▸ Exercise goal: Every record here should be printed again exactly.

[Data entries]
(* Let $M$ be a dihedral axial decomposition algebra of Majorana type $(\eta,\eta)$ over a field $\mathbb{F}$ with $\operatorname{char}\mathbb{F}\neq2$, where $\eta\in\mathbb{F}\setminus\{0,1,\tfrac12\}$, with generating axes $(a_i)_{i\in\mathbb{Z}}$. Let $x,y,z\in M$ satisfy (i) $g(x)=x$ for all $g\in G$; (ii) $f_3(y)=y$, $\tau_0\circ f_1(y)=f_2(y)$ and $\tau_0(y)=y$; (iii) $\tau_0(z)=z$ and $\tau_0\circ f_1(z)=f_1(z)$; (iv) $x+y+z+\sum_{i=1}^k\alpha_i(a_i+a_{-i})+\alpha_0a_0=0$ for some $\alpha_0,\dots,\alpha_k\in\mathbb{F}$. Set $\alpha_i=0$ for $i>k$. Then: (1) $\alpha_k(a_{k+2}-a_{-k-2})+\sum_{i=1}^{k+1}(\alpha_{i-2}+\alpha_{i-1}-\alpha_{i+1}-\alpha_{i+2})(a_i-a_{-i})=0$, where $\alpha_{-1}=\alpha_1$. Thus if $\alpha_k\neq0$, then $\operatorname{adim}\le2k+4$, and if $\operatorname{adim}=2k+4$ then $M$ satisfies an odd relation. (2) If $y=0$, then $\alpha_k(a_{k+1}-a_{-k-1})+\sum_{i=1}^k(\alpha_{i-1}-\alpha_{i+1})(a_i-a_{-i})=0$. Thus if $\alpha_k\neq0$, then $\operatorname{adim}\le2k+2$, and if $\operatorname{adim}=2k+2$ then $M$ satisfies an odd relation. (3) If $y=z=0$, then $\alpha_k(a_{k+1}-a_{-k})+\sum_{i=0}^{k-1}(\alpha_i-\alpha_{i+1})(a_{i+1}-a_{-i})=0$. Thus if $\alpha_k\neq0$, then $\operatorname{adim}\le2k+1$, and if $\operatorname{adim}=2k+1$ then $M$ satisfies an odd relation.
   Context: $M$ is a commutative nonassociative $\mathbb{F}$-algebra. With $\Phi(0)=0,\Phi(1)=1,\Phi(2)=\Phi(3)=\eta$, an axis $a\in M$ is an element together with a decomposition $M=\bigoplus_{i=0}^3M^i(a)$ such that $xa=\Phi(i)x$ for $x\in M^i(a)$, $M^1(a)=\mathbb{F}a$, and $M^0(a)M^i(a)\subset M^i(a)$ for all $i$, $M^2(a)M^2(a)\subset M^0(a)\oplus M^1(a)$, $M^2(a)M^3(a)\subset M^3(a)$, $M^3(a)M^3(a)\subset M^0(a)\oplus M^1(a)\oplus M^2(a)$. The Miyamoto involution $\tau(a)$ is the automorphism acting as $1$ on $M^0(a)\oplus M^1(a)\oplus M^2(a)$ and $-1$ on $M^3(a)$. $M$ is dihedral (of Majorana type $(\eta,\eta)$) with axes $(a_i)_{i\in\mathbb{Z}}$ if: $M$ is generated by the $a_i$; $a_i\mapsto a_{i+1}$ extends to an automorphism of $M$; and $\tau(a_j)(a_i)=a_{2j-i}$ for all $i,j$. Notation: $f_i$ is the automorphism with $f_i(a_j)=a_{i+j}$ for all $j$; $\tau_0=\tau(a_0)$; $G=\langle f_1,\tau_0\rangle$. The axial dimension $\operatorname{adim}$ is $\dim_{\mathbb{F}}\operatorname{Span}\{a_i:i\in\mathbb{Z}\}$. $M$ satisfies an odd relation if either $\operatorname{adim}=2m$ and there are $\beta_1,\dots,\beta_m\in\mathbb{F}$ with $\beta_m\neq0$ and $\sum_{i=1}^m\beta_i(a_i-a_{-i})=0$, or $\operatorname{adim}=2m+1$ and there are $\beta_0,\dots,\beta_m\in\mathbb{F}$ with $\beta_m\neq0$ and $\sum_{i=0}^m\beta_i(a_{i+1}-a_{-i})=0$. *)

theory Defs
  imports Main "HOL-Library.Extended_Nat"
begin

▸ Result:
(* Let $M$ be a dihedral axial decomposition algebra of Majorana type $(\eta,\eta)$ over a field $\mathbb{F}$ with $\operatorname{char}\mathbb{F}\neq2$, where $\eta\in\mathbb{F}\setminus\{0,1,\tfrac12\}$, with generating axes $(a_i)_{i\in\mathbb{Z}}$. Let $x,y,z\in M$ satisfy (i) $g(x)=x$ for all $g\in G$; (ii) $f_3(y)=y$, $\tau_0\circ f_1(y)=f_2(y)$ and $\tau_0(y)=y$; (iii) $\tau_0(z)=z$ and $\tau_0\circ f_1(z)=f_1(z)$; (iv) $x+y+z+\sum_{i=1}^k\alpha_i(a_i+a_{-i})+\alpha_0a_0=0$ for some $\alpha_0,\dots,\alpha_k\in\mathbb{F}$. Set $\alpha_i=0$ for $i>k$. Then: (1) $\alpha_k(a_{k+2}-a_{-k-2})+\sum_{i=1}^{k+1}(\alpha_{i-2}+\alpha_{i-1}-\alpha_{i+1}-\alpha_{i+2})(a_i-a_{-i})=0$, where $\alpha_{-1}=\alpha_1$. Thus if $\alpha_k\neq0$, then $\operatorname{adim}\le2k+4$, and if $\operatorname{adim}=2k+4$ then $M$ satisfies an odd relation. (2) If $y=0$, then $\alpha_k(a_{k+1}-a_{-k-1})+\sum_{i=1}^k(\alpha_{i-1}-\alpha_{i+1})(a_i-a_{-i})=0$. Thus if $\alpha_k\neq0$, then $\operatorname{adim}\le2k+2$, and if $\operatorname{adim}=2k+2$ then $M$ satisfies an odd relation. (3) If $y=z=0$, then $\alpha_k(a_{k+1}-a_{-k})+\sum_{i=0}^{k-1}(\alpha_i-\alpha_{i+1})(a_{i+1}-a_{-i})=0$. Thus if $\alpha_k\neq0$, then $\operatorname{adim}\le2k+1$, and if $\operatorname{adim}=2k+1$ then $M$ satisfies an odd relation.
   Context: $M$ is a commutative nonassociative $\mathbb{F}$-algebra. With $\Phi(0)=0,\Phi(1)=1,\Phi(2)=\Phi(3)=\eta$, an axis $a\in M$ is an element together with a decomposition $M=\bigoplus_{i=0}^3M^i(a)$ such that $xa=\Phi(i)x$ for $x\in M^i(a)$, $M^1(a)=\mathbb{F}a$, and $M^0(a)M^i(a)\subset M^i(a)$ for all $i$, $M^2(a)M^2(a)\subset M^0(a)\oplus M^1(a)$, $M^2(a)M^3(a)\subset M^3(a)$, $M^3(a)M^3(a)\subset M^0(a)\oplus M^1(a)\oplus M^2(a)$. The Miyamoto involution $\tau(a)$ is the automorphism acting as $1$ on $M^0(a)\oplus M^1(a)\oplus M^2(a)$ and $-1$ on $M^3(a)$. $M$ is dihedral (of Majorana type $(\eta,\eta)$) with axes $(a_i)_{i\in\mathbb{Z}}$ if: $M$ is generated by the $a_i$; $a_i\mapsto a_{i+1}$ extends to an automorphism of $M$; and $\tau(a_j)(a_i)=a_{2j-i}$ for all $i,j$. Notation: $f_i$ is the automorphism with $f_i(a_j)=a_{i+j}$ for all $j$; $\tau_0=\tau(a_0)$; $G=\langle f_1,\tau_0\rangle$. The axial dimension $\operatorname{adim}$ is $\dim_{\mathbb{F}}\operatorname{Span}\{a_i:i\in\mathbb{Z}\}$. $M$ satisfies an odd relation if either $\operatorname{adim}=2m$ and there are $\beta_1,\dots,\beta_m\in\mathbb{F}$ with $\beta_m\neq0$ and $\sum_{i=1}^m\beta_i(a_i-a_{-i})=0$, or $\operatorname{adim}=2m+1$ and there are $\beta_0,\dots,\beta_m\in\mathbb{F}$ with $\beta_m\neq0$ and $\sum_{i=0}^m\beta_i(a_{i+1}-a_{-i})=0$. *)

theory Defs
  imports Main "HOL-Library.Extended_Nat"
begin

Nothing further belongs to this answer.